Une saison en enfer, 1873, l’Alliance typographique (M.-J. Poot et compagnie), imprimeur-éditeur à Bruxelles.

Arthur Rimbaud : biographie

Jean Nicolas Arthur Rimbaud est un poète français né le 20 octobre 1854 à Charleville-Mézières et mort le 10 novembre 1891 à Marseille. Il est connu pour son influence sur la littérature et les arts modernes, qui préfiguraient le surréalisme. Né à Charleville, il a commencé à écrire très jeune et a excellé en tant qu’étudiant, mais a abandonné son éducation formelle à l’adolescence pour s’enfuir de chez lui à Paris au milieu de la guerre franco-prussienne. Il a rédigé l’ensemble de ses écrits avant l’âge de 21 ans, âge à laquelle il a arrêté d’écrire. Il a vécu une grande partie de sa vie en Éthiopie et au Yémen (alors Abyssinie) où il s’est consacré au voyage, à l’exploration et au commerce.

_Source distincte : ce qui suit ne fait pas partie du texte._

definition harmonic_map :: "(complex \<Rightarrow> 'a::real_normed_vector) \<Rightarrow> bool" where
  "harmonic_map f \<longleftrightarrow> (\<forall>z. hx (hx f) z + hy (hy f) z = 0)"

definition conformal_map :: "(complex \<Rightarrow> 'a::real_inner) \<Rightarrow> bool" where
  "conformal_map f \<longleftrightarrow> (\<forall>z. norm (hx f z) = norm (hy f z) \<and> inner (hx f z) (hy f z) = 0)"

definition branched_minimal_immersion :: "(complex \<Rightarrow> 'a::real_inner) \<Rightarrow> bool" where
  "branched_minimal_immersion f \<longleftrightarrow>
     (\<exists>z w. f z \<noteq> f w) \<and> smooth_map f \<and> harmonic_map f \<and> conformal_map f"

definition holomorphic_up_to_rigid_motion :: "(complex \<Rightarrow> 'a::euclidean_space) \<Rightarrow> bool" where
  "holomorphic_up_to_rigid_motion f \<longleftrightarrow>
     (\<exists>b W J. subspace W \<and> even (dim W) \<and> (\<forall>z. f z - b \<in> W) \<and>
        linear J \<and> J ` W \<subseteq> W \<and> (\<forall>w\<in>W. J (J w) = - w) \<and>
        (\<forall>u\<in>W. \<forall>v\<in>W. inner (J u) (J v) = inner u v) \<and>
        (\<forall>z. J (hx f z) = hy f z \<and> J (hy f z) = - hx f z))"

definition dz :: "(complex \<Rightarrow> real ^ 'n) \<Rightarrow> complex \<Rightarrow> complex ^ 'n" where
  "dz f z = (\<chi> i. (complex_of_real (hx f z $ i) - \<i> * complex_of_real (hy f z $ i)) / 2)"

definition gC :: "complex ^ 'n \<Rightarrow> complex ^ 'n \<Rightarrow> complex" where
  "gC u v = (\<Sum>i\<in>UNIV. u $ i * v $ i)"

end

theory Submission
  imports Defs "HOL-Complex_Analysis.Cauchy_Integral_Formula"
begin

text \<open>Both sides are statements about the set of values of h_z = (h_x - i h_y)/2.
  If J h_x = h_y for an orthogonal complex structure J, then h_z = (h_x - i J h_x)/2 and
  g(x - i J x, y - i J y) = 0, so these values are g-isotropic. Conversely, if they are isotropic,
  so is the complex subspace V they span; Re is injective on V, and J (Re u) = Re (i u) is an
  orthogonal complex structure on W = Re V with J h_x = h_y, and h - h(0) takes values in W
  because its partial derivatives do. Finally, the values of h_z and its Taylor coefficients are
  isotropic together, as each set lies in the g-double annihilator of the other.\<close>

lemma powser_coeffs_eq_0_if_sums_0:
  fixes a :: "nat \<Rightarrow> 'a::{real_normed_field,banach}"
  assumes "\<And>z. (\<lambda>j. a j * z ^ j) sums 0"
  shows "a m = 0"
proof (rule ccontr)
  assume am: "a m \<noteq> 0"
  show False
  proof (cases "m = 0")
    case True
    have "(\<Sum>j. a j * 0 ^ j) = 0"
      using assms[of 0] sums_unique by metis
    then show False
      using True am by (simp add: powser_zero)
  next
    case False
    show False
    proof (rule powser_0_nonzero[of 1 0 a "\<lambda>_. 0" m])
      fix s :: real
      assume "0 < s" and "\<And>z::'a. z \<in> cball 0 s - {0} \<Longrightarrow> (\<lambda>_. 0) z \<noteq> 0"
      moreover have "of_real s \<in> cball (0::'a) s - {0}"
        using \<open>0 < s\<close> by auto
      ultimately show False
        by blast
    qed (use assms am False in auto)
  qed
qed

definition orthogonal_complex_structure :: "'a::real_inner set \<Rightarrow> ('a \<Rightarrow> 'a) \<Rightarrow> bool" where
  "orthogonal_complex_structure W J \<longleftrightarrow>
     linear J \<and> J ` W \<subseteq> W \<and> (\<forall>w\<in>W. J (J w) = - w) \<and> (\<forall>u\<in>W. \<forall>v\<in>W. J u \<bullet> J v = u \<bullet> v)"

lemma orthogonal_complex_structure_skew:
  assumes "orthogonal_complex_structure W J" "u \<in> W" "v \<in> W"
  shows "J u \<bullet> v = - (u \<bullet> J v)"
proof -
  have "J u \<bullet> J (J v) = u \<bullet> J v"
    using assms unfolding orthogonal_complex_structure_def by blast
  then show ?thesis
    using assms unfolding orthogonal_complex_structure_def by auto
qed

lemma orthogonal_complex_structure_subset:
  assumes "orthogonal_complex_structure W J" "U \<subseteq> W" "J ` U \<subseteq> U"
  shows "orthogonal_complex_structure U J"
  using assms unfolding orthogonal_complex_structure_def by blast

lemma dim_span_orthogonal_complex_structure_pair:
  assumes "orthogonal_complex_structure W J" and "w \<in> W" and "w \<noteq> 0"
  shows "dim (span {w, J w}) = 2"
proof -
  have J: "J w \<bullet> J w = w \<bullet> w"
    using assms unfolding orthogonal_complex_structure_def by blast
  have w_Jw: "w \<bullet> J w = 0"
    using orthogonal_complex_structure_skew[OF assms(1,2,2)] by (simp add: inner_commute)
  have "independent {w, J w}"
    by (rule pairwise_orthogonal_independent)
       (use assms(3) J w_Jw in \<open>auto simp: pairwise_def orthogonal_def inner_commute\<close>)
  moreover have "w \<noteq> J w"
    using assms(3) w_Jw by auto
  ultimately show ?thesis
    by (simp add: dim_eq_card_independent)
qed

lemma orthogonal_complex_structure_orthogonal_to_pair:
  assumes "orthogonal_complex_structure W J" and "w \<in> W"
  shows "orthogonal_complex_structure {y \<in> W. \<forall>x\<in>span {w, J w}. orthogonal x y} J"
    (is "orthogonal_complex_structure ?W' J")
proof (rule orthogonal_complex_structure_subset[OF assms(1)])
  show "J ` ?W' \<subseteq> ?W'"
  proof clarify
    fix y assume yW: "y \<in> W" and y_orth: "\<forall>x\<in>span {w, J w}. orthogonal x y"
    have "orthogonal w (J y)"
      using orthogonal_complex_structure_skew[OF assms yW] y_orth
      by (simp add: orthogonal_def span_base)
    moreover have "orthogonal (J w) (J y)"
      using assms yW y_orth unfolding orthogonal_complex_structure_def orthogonal_def
      by (simp add: span_base)
    ultimately have "orthogonal x (J y)" if "x \<in> span {w, J w}" for x
      using orthogonal_to_span[OF that, of "J y"] by (auto simp: orthogonal_commute)
    moreover have "J y \<in> W"
      using assms(1) yW unfolding orthogonal_complex_structure_def by blast
    ultimately show "J y \<in> W \<and> (\<forall>x\<in>span {w, J w}. orthogonal x (J y))"
      by blast
  qed
qed blast

lemma even_dim_if_orthogonal_complex_structure:
  fixes W :: "'a::euclidean_space set"
  assumes "subspace W" "orthogonal_complex_structure W J"
  shows "even (dim W)"
  using assms
proof (induction "dim W" arbitrary: W rule: less_induct)
  case less
  show ?case
  proof (cases "W \<subseteq> {0}")
    case True
    then show ?thesis
      by (metis dim_eq_0 even_zero)
  next
    case False
    then obtain w where w: "w \<in> W" "w \<noteq> 0"
      by auto
    define A where "A = span {w, J w}"
    define W' where "W' = {y \<in> W. \<forall>x\<in>A. orthogonal x y}"
    have "A \<subseteq> W"
      using less.prems w unfolding A_def orthogonal_complex_structure_def
      by (simp add: span_minimal image_subset_iff)
    then have dim_W: "dim W' + 2 = dim W"
      using dim_subspace_orthogonal_to_vectors[of A W] less.prems(1)
        dim_span_orthogonal_complex_structure_pair[OF less.prems(2) w]
      unfolding W'_def A_def by simp
    have "subspace W'"
      unfolding W'_def using less.prems(1) subspace_orthogonal_to_vectors[of A]
      by (simp add: Collect_conj_eq subspace_inter)
    then have "even (dim W')"
      using less.hyps[of W'] dim_W
        orthogonal_complex_structure_orthogonal_to_pair[OF less.prems(2) w(1)]
      unfolding W'_def A_def by simp
    then show ?thesis
      by (simp flip: dim_W)
  qed
qed

lemma has_derivative_partials:
  fixes h :: "complex \<Rightarrow> 'a::real_normed_vector"
  assumes "h differentiable (at z)"
  shows "(h has_derivative (\<lambda>t. Re t *\<^sub>R hx h z + Im t *\<^sub>R hy h z)) (at z)"
proof -
  let ?D = "frechet_derivative h (at z)"
  have D: "(h has_derivative ?D) (at z)"
    using assms frechet_derivative_works by blast
  have "?D t = Re t *\<^sub>R hx h z + Im t *\<^sub>R hy h z" for t
  proof -
    have "t = Re t *\<^sub>R 1 + Im t *\<^sub>R \<i>"
      by (simp add: complex_eq_iff)
    then have "?D t = ?D (Re t *\<^sub>R 1 + Im t *\<^sub>R \<i>)"
      by (rule arg_cong)
    also have "\<dots> = Re t *\<^sub>R ?D 1 + Im t *\<^sub>R ?D \<i>"
      using has_derivative_linear[OF D] by (simp only: linear_add linear_scale)
    finally show ?thesis
      by (simp add: pd_def)
  qed
  then have "?D = (\<lambda>t. Re t *\<^sub>R hx h z + Im t *\<^sub>R hy h z)"
    by (rule ext)
  then show ?thesis
    using D by metis
qed

lemma inner_const_iff_inner_partials_eq_0:
  fixes h :: "complex \<Rightarrow> 'a::real_inner"
  assumes "\<And>z. h differentiable (at z)"
  shows "(\<exists>k. \<forall>z. v \<bullet> h z = k) \<longleftrightarrow> (\<forall>z. v \<bullet> hx h z = 0 \<and> v \<bullet> hy h z = 0)"
proof -
  have D: "((\<lambda>t. v \<bullet> h t) has_derivative (\<lambda>t. Re t * (v \<bullet> hx h z) + Im t * (v \<bullet> hy h z))) (at z)"
    for z
    using has_derivative_inner_right[OF has_derivative_partials[OF assms]]
    by (simp add: inner_add_right)
  show ?thesis
  proof
    assume "\<exists>k. \<forall>z. v \<bullet> h z = k"
    then obtain k where "(\<lambda>t. v \<bullet> h t) = (\<lambda>_. k)"
      by auto
    then have "((\<lambda>t. v \<bullet> h t) has_derivative (\<lambda>_. 0)) (at z)" for z
      by simp
    then have "(\<lambda>t. Re t * (v \<bullet> hx h z) + Im t * (v \<bullet> hy h z)) = (\<lambda>_. 0)" for z
      using D has_derivative_unique by blast
    then have "Re t * (v \<bullet> hx h z) + Im t * (v \<bullet> hy h z) = 0" for z t
      by (simp add: fun_eq_iff)
    from this[where t = 1] this[where t = \<i>]
    show "\<forall>z. v \<bullet> hx h z = 0 \<and> v \<bullet> hy h z = 0"
      by simp
  next
    assume "\<forall>z. v \<bullet> hx h z = 0 \<and> v \<bullet> hy h z = 0"
    then have "((\<lambda>t. v \<bullet> h t) has_derivative (\<lambda>_. 0)) (at z within UNIV)" for z
      using D[of z] by simp
    then show "\<exists>k. \<forall>z. v \<bullet> h z = k"
      using has_derivative_zero_constant[of UNIV] by auto
  qed
qed

lemma translate_in_subspace_iff_partials_in_subspace:
  fixes h :: "complex \<Rightarrow> 'a::euclidean_space"
  assumes "subspace W" and "\<And>z. h differentiable (at z)"
  shows "(\<exists>b. \<forall>z. h z - b \<in> W) \<longleftrightarrow> (\<forall>z. hx h z \<in> W \<and> hy h z \<in> W)"
proof -
  have mem_W: "x \<in> W \<longleftrightarrow> (\<forall>v\<in>W\<^sup>\<bottom>. v \<bullet> x = 0)" for x
    using orthogonal_comp_self[OF assms(1)]
    by (auto simp: orthogonal_comp_def orthogonal_def)
  have "(\<exists>b. \<forall>z. h z - b \<in> W) \<longleftrightarrow> (\<forall>v\<in>W\<^sup>\<bottom>. \<exists>k. \<forall>z. v \<bullet> h z = k)"
  proof
    assume "\<exists>b. \<forall>z. h z - b \<in> W"
    then obtain b where "\<forall>v\<in>W\<^sup>\<bottom>. \<forall>z. v \<bullet> (h z - b) = 0"
      using mem_W by blast
    then show "\<forall>v\<in>W\<^sup>\<bottom>. \<exists>k. \<forall>z. v \<bullet> h z = k"
      by (auto simp: inner_diff_right)
  next
    assume "\<forall>v\<in>W\<^sup>\<bottom>. \<exists>k. \<forall>z. v \<bullet> h z = k"
    then have "\<forall>z. h z - h 0 \<in> W"
      unfolding mem_W by (auto simp: inner_diff_right)
    then show "\<exists>b. \<forall>z. h z - b \<in> W" ..
  qed
  also have "\<dots> \<longleftrightarrow> (\<forall>z. hx h z \<in> W \<and> hy h z \<in> W)"
    unfolding inner_const_iff_inner_partials_eq_0[OF assms(2)] mem_W by blast
  finally show ?thesis .
qed

definition vec_Re :: "complex ^ 'n \<Rightarrow> real ^ 'n" where
  "vec_Re u = (\<chi> i. Re (u $ i))"

definition vec_Im :: "complex ^ 'n \<Rightarrow> real ^ 'n" where
  "vec_Im u = (\<chi> i. Im (u $ i))"

lemma linear_vec_Re: "linear vec_Re"
  by (rule linearI) (simp_all add: vec_Re_def vec_eq_iff)

lemma vec_Re_mult_ii: "vec_Re (\<i> *s u) = - vec_Im u"
  by (simp add: vec_Re_def vec_Im_def vec_eq_iff)

lemma vec_Re_dz: "vec_Re (dz f z) = (1/2) *\<^sub>R hx f z"
  and vec_Im_dz: "vec_Im (dz f z) = - (1/2) *\<^sub>R hy f z"
  by (simp_all add: vec_Re_def vec_Im_def dz_def vec_eq_iff)

lemma Re_gC: "Re (gC u v) = vec_Re u \<bullet> vec_Re v - vec_Im u \<bullet> vec_Im v"
  and Im_gC: "Im (gC u v) = vec_Re u \<bullet> vec_Im v + vec_Im u \<bullet> vec_Re v"
  by (simp_all add: gC_def vec_Re_def vec_Im_def inner_vec_def Re_sum Im_sum
      sum.distrib sum_subtractf)

lemma gC_commute: "gC u v = gC v u"
  by (simp add: gC_def mult.commute)

lemma gC_zero_right: "gC w 0 = 0"
  by (simp add: gC_def)

lemma gC_add_right: "gC w (u + v) = gC w u + gC w v"
  by (simp add: gC_def distrib_left sum.distrib)

lemma gC_scaleR_right: "gC w (r *\<^sub>R u) = r *\<^sub>R gC w u"
  by (simp add: gC_def scaleR_sum_right)

lemma gC_mult_right: "gC w (a *s u) = a * gC w u"
  by (simp add: gC_def sum_distrib_left algebra_simps)

lemma gC_self_eq_0_imp_eq_0:
  assumes "gC u u = 0" and "vec_Re u = 0"
  shows "u = 0"
proof -
  have "vec_Im u \<bullet> vec_Im u = 0"
    using arg_cong[OF assms(1), of Re] assms(2) by (simp add: Re_gC)
  then have "vec_Im u = 0"
    by simp
  then show ?thesis
    using assms(2) by (simp add: vec_Re_def vec_Im_def vec_eq_iff complex_eq_iff)
qed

Une saison en enfer : présentation

Une saison en enfer est un recueil de poème en prose écrit par Arthur Rimbaud au courant de l’année 1873. Il s’agit d’une prodigieuse autobiographie psychologique. Rimbaud donne aux lecteurs à partager ses craintes, ses désirs, ses déceptions, ses combats intérieurs, mais aussi son histoire personnelle et celle de son peuple dont il est une conclusion. Dans ce poème, c’est comme-ci Rimbaud avait, en permanence, pointé sur lui (sur son âme) une caméra. Il se met à nu.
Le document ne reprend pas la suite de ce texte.